§ **TASK ITEM**:
What you return must match the records character for character.

§ **ENTRIES PROVIDED**:
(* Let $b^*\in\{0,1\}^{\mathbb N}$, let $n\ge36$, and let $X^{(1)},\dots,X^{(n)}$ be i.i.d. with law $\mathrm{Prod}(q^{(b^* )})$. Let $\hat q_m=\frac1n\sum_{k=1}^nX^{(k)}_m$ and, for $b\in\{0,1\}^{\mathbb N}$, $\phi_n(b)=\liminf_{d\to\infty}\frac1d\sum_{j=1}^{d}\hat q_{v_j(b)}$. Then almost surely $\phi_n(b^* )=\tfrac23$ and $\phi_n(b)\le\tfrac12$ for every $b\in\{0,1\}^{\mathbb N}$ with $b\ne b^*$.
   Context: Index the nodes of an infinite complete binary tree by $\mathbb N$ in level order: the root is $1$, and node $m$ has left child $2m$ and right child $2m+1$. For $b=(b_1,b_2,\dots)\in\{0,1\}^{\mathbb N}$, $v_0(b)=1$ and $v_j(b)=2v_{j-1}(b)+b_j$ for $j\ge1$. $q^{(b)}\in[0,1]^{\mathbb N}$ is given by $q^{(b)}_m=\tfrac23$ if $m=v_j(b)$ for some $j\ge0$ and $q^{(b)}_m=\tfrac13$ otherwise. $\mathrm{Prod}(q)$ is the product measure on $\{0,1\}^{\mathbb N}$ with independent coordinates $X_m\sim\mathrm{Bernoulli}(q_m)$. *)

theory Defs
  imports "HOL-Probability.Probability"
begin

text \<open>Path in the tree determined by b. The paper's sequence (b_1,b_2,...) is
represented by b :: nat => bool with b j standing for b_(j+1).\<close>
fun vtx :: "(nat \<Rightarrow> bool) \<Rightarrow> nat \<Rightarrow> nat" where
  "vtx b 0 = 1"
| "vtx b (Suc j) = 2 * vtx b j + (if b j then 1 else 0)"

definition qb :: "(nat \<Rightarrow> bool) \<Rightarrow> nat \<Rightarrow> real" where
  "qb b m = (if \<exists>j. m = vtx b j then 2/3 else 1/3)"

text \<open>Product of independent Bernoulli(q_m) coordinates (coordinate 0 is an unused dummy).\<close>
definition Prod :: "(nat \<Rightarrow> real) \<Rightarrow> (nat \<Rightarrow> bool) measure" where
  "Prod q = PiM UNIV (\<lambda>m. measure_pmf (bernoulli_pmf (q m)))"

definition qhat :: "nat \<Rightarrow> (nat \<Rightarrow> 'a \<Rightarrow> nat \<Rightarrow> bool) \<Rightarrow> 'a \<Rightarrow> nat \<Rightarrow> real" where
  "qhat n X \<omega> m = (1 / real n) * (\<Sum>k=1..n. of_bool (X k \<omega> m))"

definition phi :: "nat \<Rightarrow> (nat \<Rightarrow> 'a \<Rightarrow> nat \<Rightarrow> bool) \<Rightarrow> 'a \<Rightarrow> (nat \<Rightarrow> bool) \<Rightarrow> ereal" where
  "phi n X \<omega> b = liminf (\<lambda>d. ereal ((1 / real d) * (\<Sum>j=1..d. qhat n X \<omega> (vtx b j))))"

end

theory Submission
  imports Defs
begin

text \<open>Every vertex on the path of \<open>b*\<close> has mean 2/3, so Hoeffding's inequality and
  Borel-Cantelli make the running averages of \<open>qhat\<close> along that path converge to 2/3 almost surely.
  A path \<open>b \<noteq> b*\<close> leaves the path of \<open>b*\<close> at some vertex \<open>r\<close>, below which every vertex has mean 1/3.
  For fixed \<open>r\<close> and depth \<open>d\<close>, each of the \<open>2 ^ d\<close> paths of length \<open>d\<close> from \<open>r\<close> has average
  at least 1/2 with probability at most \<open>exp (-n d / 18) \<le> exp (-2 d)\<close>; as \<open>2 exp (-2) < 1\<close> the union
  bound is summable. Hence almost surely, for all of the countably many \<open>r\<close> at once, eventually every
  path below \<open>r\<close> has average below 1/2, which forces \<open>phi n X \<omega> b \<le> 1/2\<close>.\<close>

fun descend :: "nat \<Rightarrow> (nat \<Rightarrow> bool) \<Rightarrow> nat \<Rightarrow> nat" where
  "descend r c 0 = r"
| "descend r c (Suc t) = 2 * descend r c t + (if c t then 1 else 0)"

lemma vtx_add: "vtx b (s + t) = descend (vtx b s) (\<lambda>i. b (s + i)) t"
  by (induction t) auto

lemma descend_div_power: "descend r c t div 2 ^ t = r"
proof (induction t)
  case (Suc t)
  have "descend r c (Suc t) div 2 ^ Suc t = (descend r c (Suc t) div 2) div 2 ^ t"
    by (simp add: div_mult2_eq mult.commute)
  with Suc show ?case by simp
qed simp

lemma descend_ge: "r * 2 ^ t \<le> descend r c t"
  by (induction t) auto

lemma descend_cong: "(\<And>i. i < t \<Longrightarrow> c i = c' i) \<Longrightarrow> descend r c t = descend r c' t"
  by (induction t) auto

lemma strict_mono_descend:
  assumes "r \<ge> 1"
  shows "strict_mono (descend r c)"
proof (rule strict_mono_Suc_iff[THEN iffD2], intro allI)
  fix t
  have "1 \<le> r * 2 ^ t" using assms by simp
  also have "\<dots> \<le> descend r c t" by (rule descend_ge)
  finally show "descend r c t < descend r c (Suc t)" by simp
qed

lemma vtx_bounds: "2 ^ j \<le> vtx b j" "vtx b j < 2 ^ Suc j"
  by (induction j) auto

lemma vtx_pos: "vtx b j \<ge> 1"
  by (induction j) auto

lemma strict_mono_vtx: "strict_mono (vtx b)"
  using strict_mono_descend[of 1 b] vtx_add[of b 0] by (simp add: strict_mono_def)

§ **WRITTEN REPLY**:
(* Let $b^*\in\{0,1\}^{\mathbb N}$, let $n\ge36$, and let $X^{(1)},\dots,X^{(n)}$ be i.i.d. with law $\mathrm{Prod}(q^{(b^* )})$. Let $\hat q_m=\frac1n\sum_{k=1}^nX^{(k)}_m$ and, for $b\in\{0,1\}^{\mathbb N}$, $\phi_n(b)=\liminf_{d\to\infty}\frac1d\sum_{j=1}^{d}\hat q_{v_j(b)}$. Then almost surely $\phi_n(b^* )=\tfrac23$ and $\phi_n(b)\le\tfrac12$ for every $b\in\{0,1\}^{\mathbb N}$ with $b\ne b^*$.
   Context: Index the nodes of an infinite complete binary tree by $\mathbb N$ in level order: the root is $1$, and node $m$ has left child $2m$ and right child $2m+1$. For $b=(b_1,b_2,\dots)\in\{0,1\}^{\mathbb N}$, $v_0(b)=1$ and $v_j(b)=2v_{j-1}(b)+b_j$ for $j\ge1$. $q^{(b)}\in[0,1]^{\mathbb N}$ is given by $q^{(b)}_m=\tfrac23$ if $m=v_j(b)$ for some $j\ge0$ and $q^{(b)}_m=\tfrac13$ otherwise. $\mathrm{Prod}(q)$ is the product measure on $\{0,1\}^{\mathbb N}$ with independent coordinates $X_m\sim\mathrm{Bernoulli}(q_m)$. *)

theory Defs
  imports "HOL-Probability.Probability"
begin

text \<open>Path in the tree determined by b. The paper's sequence (b_1,b_2,...) is
represented by b :: nat => bool with b j standing for b_(j+1).\<close>
fun vtx :: "(nat \<Rightarrow> bool) \<Rightarrow> nat \<Rightarrow> nat" where
  "vtx b 0 = 1"
| "vtx b (Suc j) = 2 * vtx b j + (if b j then 1 else 0)"

definition qb :: "(nat \<Rightarrow> bool) \<Rightarrow> nat \<Rightarrow> real" where
  "qb b m = (if \<exists>j. m = vtx b j then 2/3 else 1/3)"

text \<open>Product of independent Bernoulli(q_m) coordinates (coordinate 0 is an unused dummy).\<close>
definition Prod :: "(nat \<Rightarrow> real) \<Rightarrow> (nat \<Rightarrow> bool) measure" where
  "Prod q = PiM UNIV (\<lambda>m. measure_pmf (bernoulli_pmf (q m)))"

definition qhat :: "nat \<Rightarrow> (nat \<Rightarrow> 'a \<Rightarrow> nat \<Rightarrow> bool) \<Rightarrow> 'a \<Rightarrow> nat \<Rightarrow> real" where
  "qhat n X \<omega> m = (1 / real n) * (\<Sum>k=1..n. of_bool (X k \<omega> m))"

definition phi :: "nat \<Rightarrow> (nat \<Rightarrow> 'a \<Rightarrow> nat \<Rightarrow> bool) \<Rightarrow> 'a \<Rightarrow> (nat \<Rightarrow> bool) \<Rightarrow> ereal" where
  "phi n X \<omega> b = liminf (\<lambda>d. ereal ((1 / real d) * (\<Sum>j=1..d. qhat n X \<omega> (vtx b j))))"

end

theory Submission
  imports Defs
begin

text \<open>Every vertex on the path of \<open>b*\<close> has mean 2/3, so Hoeffding's inequality and
  Borel-Cantelli make the running averages of \<open>qhat\<close> along that path converge to 2/3 almost surely.
  A path \<open>b \<noteq> b*\<close> leaves the path of \<open>b*\<close> at some vertex \<open>r\<close>, below which every vertex has mean 1/3.
  For fixed \<open>r\<close> and depth \<open>d\<close>, each of the \<open>2 ^ d\<close> paths of length \<open>d\<close> from \<open>r\<close> has average
  at least 1/2 with probability at most \<open>exp (-n d / 18) \<le> exp (-2 d)\<close>; as \<open>2 exp (-2) < 1\<close> the union
  bound is summable. Hence almost surely, for all of the countably many \<open>r\<close> at once, eventually every
  path below \<open>r\<close> has average below 1/2, which forces \<open>phi n X \<omega> b \<le> 1/2\<close>.\<close>

fun descend :: "nat \<Rightarrow> (nat \<Rightarrow> bool) \<Rightarrow> nat \<Rightarrow> nat" where
  "descend r c 0 = r"
| "descend r c (Suc t) = 2 * descend r c t + (if c t then 1 else 0)"

lemma vtx_add: "vtx b (s + t) = descend (vtx b s) (\<lambda>i. b (s + i)) t"
  by (induction t) auto

lemma descend_div_power: "descend r c t div 2 ^ t = r"
proof (induction t)
  case (Suc t)
  have "descend r c (Suc t) div 2 ^ Suc t = (descend r c (Suc t) div 2) div 2 ^ t"
    by (simp add: div_mult2_eq mult.commute)
  with Suc show ?case by simp
qed simp

lemma descend_ge: "r * 2 ^ t \<le> descend r c t"
  by (induction t) auto

lemma descend_cong: "(\<And>i. i < t \<Longrightarrow> c i = c' i) \<Longrightarrow> descend r c t = descend r c' t"
  by (induction t) auto

lemma strict_mono_descend:
  assumes "r \<ge> 1"
  shows "strict_mono (descend r c)"
proof (rule strict_mono_Suc_iff[THEN iffD2], intro allI)
  fix t
  have "1 \<le> r * 2 ^ t" using assms by simp
  also have "\<dots> \<le> descend r c t" by (rule descend_ge)
  finally show "descend r c t < descend r c (Suc t)" by simp
qed

lemma vtx_bounds: "2 ^ j \<le> vtx b j" "vtx b j < 2 ^ Suc j"
  by (induction j) auto

lemma vtx_pos: "vtx b j \<ge> 1"
  by (induction j) auto

lemma strict_mono_vtx: "strict_mono (vtx b)"
  using strict_mono_descend[of 1 b] vtx_add[of b 0] by (simp add: strict_mono_def)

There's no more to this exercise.